If gold breaks through the all-time high, the next resistance would be at $2,550 and if this is breached, the next stop would be a psychological $2,600.

Conversely, if gold prices sink below $2,500, the next support is at the August 22 low of $2,470. On a further decline, the next demand zone is the confluence of the support-turned-May 20 high and the 50-day simple moving average (SMA) between $2,450 and $2,440.

Federal Reserve FAQs

Monetary policy in the United States is set by the Federal Reserve (FRB), which has two mandates: to promote price stability and full employment. Its primary tool for achieving these goals is adjusting interest rates. When prices rise sharply and inflation exceeds the Fed's 2% target, the Fed raises interest rates, increasing borrowing costs across the economy. As a result, the United States becomes a more attractive place for international investors to park their funds, and the US Dollar (USD) strengthens. If inflation falls below 2% or unemployment is too high, the Fed may lower interest rates to encourage borrowing, which weighs on the USD.

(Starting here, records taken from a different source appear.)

(* Let $\beta\in[0,1]$ and let $f\in C^{3+\beta}$ with $f'>0$ on $[A,B]$. Then there is a constant $C$ depending only on $f$ (and $[A,B]$) such that for all $x_1,x_2,x_3\in[A,B]$, $$ {\rm D}(x_1,x_2,x_3;f)=1+(x_1-x_3)\left(\frac{f''(x_1)}{2f'(x_1)}+\frac{1}{6}Sf(x_1)(x_2+x_3-2x_1)+R\right),\qquad |R|\le C\Delta^{1+\beta}, $$ where $\Delta=\max\{x_1,x_2,x_3\}-\min\{x_1,x_2,x_3\}$.
   Context: The ratio distortion of three points with respect to a strictly increasing function $f$ is ${\rm D}(x_1,x_2,x_3;f)=\frac{f(x_1)-f(x_2)}{x_1-x_2}:\frac{f(x_2)-f(x_3)}{x_2-x_3}$; for smooth $f$ with $f'\neq0$ it is defined for non-distinct points by replacing any ratio $(f(a)-f(a))/(a-a)$ with $f'(a)$ (equivalently, by continuity). The Schwarzian derivative is $Sf=\frac{f'''}{f'}-\frac{3}{2}\left(\frac{f''}{f'}\right)^2$. $C^{3+\beta}$ means three times differentiable with $\beta$-Hölder third derivative ($\beta=0$: continuous third derivative). *)

theory Defs
  imports "HOL-Analysis.Analysis"
begin

definition C3_holder :: "real \<Rightarrow> real \<Rightarrow> real \<Rightarrow> (real \<Rightarrow> real) \<Rightarrow> (real \<Rightarrow> real)
    \<Rightarrow> (real \<Rightarrow> real) \<Rightarrow> (real \<Rightarrow> real) \<Rightarrow> bool" where
  "C3_holder \<beta> A B f f1 f2 f3 \<longleftrightarrow>
     (\<forall>x\<in>{A..B}. (f has_real_derivative f1 x) (at x within {A..B})
                \<and> (f1 has_real_derivative f2 x) (at x within {A..B})
                \<and> (f2 has_real_derivative f3 x) (at x within {A..B}))
     \<and> continuous_on {A..B} f3
     \<and> (\<beta> > 0 \<longrightarrow> (\<exists>K. \<forall>x\<in>{A..B}. \<forall>y\<in>{A..B}. \<bar>f3 x - f3 y\<bar> \<le> K * \<bar>x - y\<bar> powr \<beta>))"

The Federal Reserve Board (FRB) meets eight times a year, where the Federal Open Market Committee (FOMC) assesses the state of the economy and sets monetary policy. The FOMC is attended by 12 Fed officials: the seven members of the Federal Reserve Board, the President of the Federal Reserve Bank of New York, and four of the remaining 11 regional reserve bank presidents. These presidents serve rotating one-year terms.

In extreme circumstances, the Federal Reserve may resort to a policy known as quantitative easing (QE). QE is a process in which the Federal Reserve dramatically increases the flow of credit in a distressed financial system. It is a non-standard policy tool used during crises or when inflation is extremely low. It was the tool of choice for the Federal Reserve during the 2008 financial crisis. This means that the Federal Reserve prints more dollar bills and uses them to buy higher-quality bonds from financial institutions. QE typically weakens the US dollar.

Quantitative tightening (QT) is the reverse process of QE, where the Fed stops buying bonds from financial institutions, reinvesting the principal of maturing bonds and not buying new bonds. This is usually positive for the value of the US dollar.